Diacritical marks are a particular concern for Baha'i texts, which use a specialized transliteration system for proper names. Rendering errors turn Bahá'u'lláh into Baha'u'llah and 'Abdu'l-Bahá into Abdu'l-Baha — destroying the precision of the transliteration and making names harder to match across documents. The cleanup pass restores these marks using document-specific glossaries and pattern matching.
Structural analysis runs alongside character correction: the system identifies headings, paragraph breaks, page numbers, footnotes, and running headers. The output is clean Markdown with the document structure preserved — section hierarchy intact, footnotes linked rather than interspersed with body text. This structured Markdown is what enters the segmentation step.
Arabic and Persian Segmentation
European-language text segmentation is largely a solved problem. Sentence boundaries are marked by punctuation; paragraph boundaries by blank lines or indentation. Arabic and Persian texts — especially classical manuscripts — often arrive as continuous prose blocks with minimal punctuation, no blank lines, and verse and sentence boundaries implied rather than marked.

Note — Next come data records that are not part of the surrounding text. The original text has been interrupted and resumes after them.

lemma exists_small_periodic_perturbation:
  fixes T :: "'a::{real_vector, metric_space} \<Rightarrow> 'a"
  assumes dist_add_right: "\<And>x y z::'a. dist (x + z) (y + z) = dist x y"
    and scaling_continuous: "\<And>v::'a. continuous_on UNIV (\<lambda>t::real. t *\<^sub>R v)"
    and "linear T" and s: "minimal_period T s a" and w: "minimal_period T w q" and "0 < \<epsilon>"
  shows "\<exists>t. minimal_period T (s + t *\<^sub>R w) (lcm a q) \<and>
    (\<forall>m. dist ((T ^^ m) (s + t *\<^sub>R w)) ((T ^^ m) s) \<le> \<epsilon>)"
proof -
  have "0 < a" "0 < q"
    using s w by (simp_all add: minimal_period_pos)
  obtain \<tau> where "0 < \<tau>" and \<tau>: "\<And>t r. \<bar>t\<bar> < \<tau> \<Longrightarrow> r < q \<Longrightarrow> dist (t *\<^sub>R (T ^^ r) w) 0 < \<epsilon>"
    using uniformly_small_scalings[OF scaling_continuous, of "(\<lambda>r. (T ^^ r) w) ` {..<q}" \<epsilon>] \<open>0 < \<epsilon>\<close> by auto
  define E where "E = {t. \<exists>r. 0 < r \<and> r < lcm a q \<and> (T ^^ r) (s + t *\<^sub>R w) = s + t *\<^sub>R w}"
  have "finite E"
    unfolding E_def using assms(3) s w by (rule finite_exceptional_scalars)
  then have "infinite ({0<..<\<tau>} - E)"
    using \<open>0 < \<tau>\<close> by (intro Diff_infinite_finite) auto
  then have "{0<..<\<tau>} - E \<noteq> {}"
    by (rule infinite_imp_nonempty)
  then obtain t where t: "t \<in> {0<..<\<tau>}" "t \<notin> E"
    by blast
  have orbit: "(T ^^ m) (s + t *\<^sub>R w) = (T ^^ m) s + t *\<^sub>R (T ^^ m) w" for m
    using linear_funpow[OF assms(3)] by (simp add: linear_add linear_scale)
  have "minimal_period T (s + t *\<^sub>R w) (lcm a q)"
  proof (rule minimal_periodI)
    show "0 < lcm a q"
      using \<open>0 < a\<close> \<open>0 < q\<close> by (simp add: lcm_pos_nat)
    have "(T ^^ lcm a q) s = s" and "(T ^^ lcm a q) w = w"
      using s w by (simp_all add: minimal_period_funpow_eq_iff)
    then show "(T ^^ lcm a q) (s + t *\<^sub>R w) = s + t *\<^sub>R w"
      by (simp add: orbit)
    show "(T ^^ r) (s + t *\<^sub>R w) \<noteq> s + t *\<^sub>R w" if "0 < r" "r < lcm a q" for r
      using t(2) that unfolding E_def by blast
  qed
  moreover have "dist ((T ^^ m) (s + t *\<^sub>R w)) ((T ^^ m) s) \<le> \<epsilon>" for m
  proof -
    have w_orbit: "(T ^^ m) w = (T ^^ (m mod q)) w"
      using funpow_mod_eq[where f = T and n = q and x = w] by (simp add: minimal_period_funpow_eq_iff[OF w])
    have "dist ((T ^^ m) (s + t *\<^sub>R w)) ((T ^^ m) s) = dist (t *\<^sub>R (T ^^ m) w + (T ^^ m) s) (0 + (T ^^ m) s)"
      by (simp add: orbit add.commute)
    also have "\<dots> = dist (t *\<^sub>R (T ^^ m) w) 0"
      by (rule dist_add_right)
    also have "\<dots> < \<epsilon>"
      unfolding w_orbit using t(1) \<open>0 < q\<close> by (intro \<tau>) auto
    finally show ?thesis
      by simp
  qed
  ultimately show ?thesis
    by blast
qed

The segmenter detects this condition by measuring punctuation density: if a block of text lacks sentence-ending marks at the frequency expected for its length, it triggers the AI segmentation path. Language detection runs first, distinguishing Arabic from Persian by the presence of Farsi-specific characters (پ چ ژ گ ی) — necessary because the two languages share most of their script but have different grammatical structures.
The model identifies natural phrase breaks within continuous text — the smallest meaningful units. Compound verb phrases, prepositional phrases, and relative clauses become distinct segments.
Phrases are grouped into complete sentences. The model understands Arabic grammar well enough to recognize where a sentence ends even without a terminal punctuation mark.
Sentences are grouped into thematic paragraphs — the unit that becomes independently retrievable in the search index. Each paragraph is small enough to be precise, large enough to carry meaning.
Figure 2. Three-pass segmentation for Arabic and Persian text. The model (Qwen 72B) suggests break positions only — it never generates or modifies text. Text integrity is verified after every pass.
An important constraint governs the entire segmentation process: the AI model suggests break positions, but never rewrites. Every character in the output must appear in the input. This is verified programmatically — if the reconstructed text does not match the original character-for-character, the segmentation is rejected and retried. Scholarly texts cannot be paraphrased during processing; the original must survive intact.
The segmented paragraphs become the fundamental unit of indexing. Each paragraph receives its own embedding, its own search index entry, and — after the translation step — its own phrase-level translation. Segmentation quality directly determines the precision of everything that follows.
Translation Strategy with CTAI.info
Standard AI translation of Arabic and Persian religious texts has a well-known failure mode: terminological inconsistency. The Arabic word tawakkul might be translated as "reliance," "trust," "surrender," or "dependence" depending on which passage it appears in — and which of those renderings is correct depends on context that casual translation does not capture. In a library of hundreds of texts, inconsistent term translation makes cross-text research unreliable.
SifterSearch's translation strategy addresses this through integration with CTAI.info (Comprehensive Transliteration and Analysis of Islamic texts), which provides JAFAR reports — JSON Analysis of Foreign Arabic Roots — for Arabic and Persian text.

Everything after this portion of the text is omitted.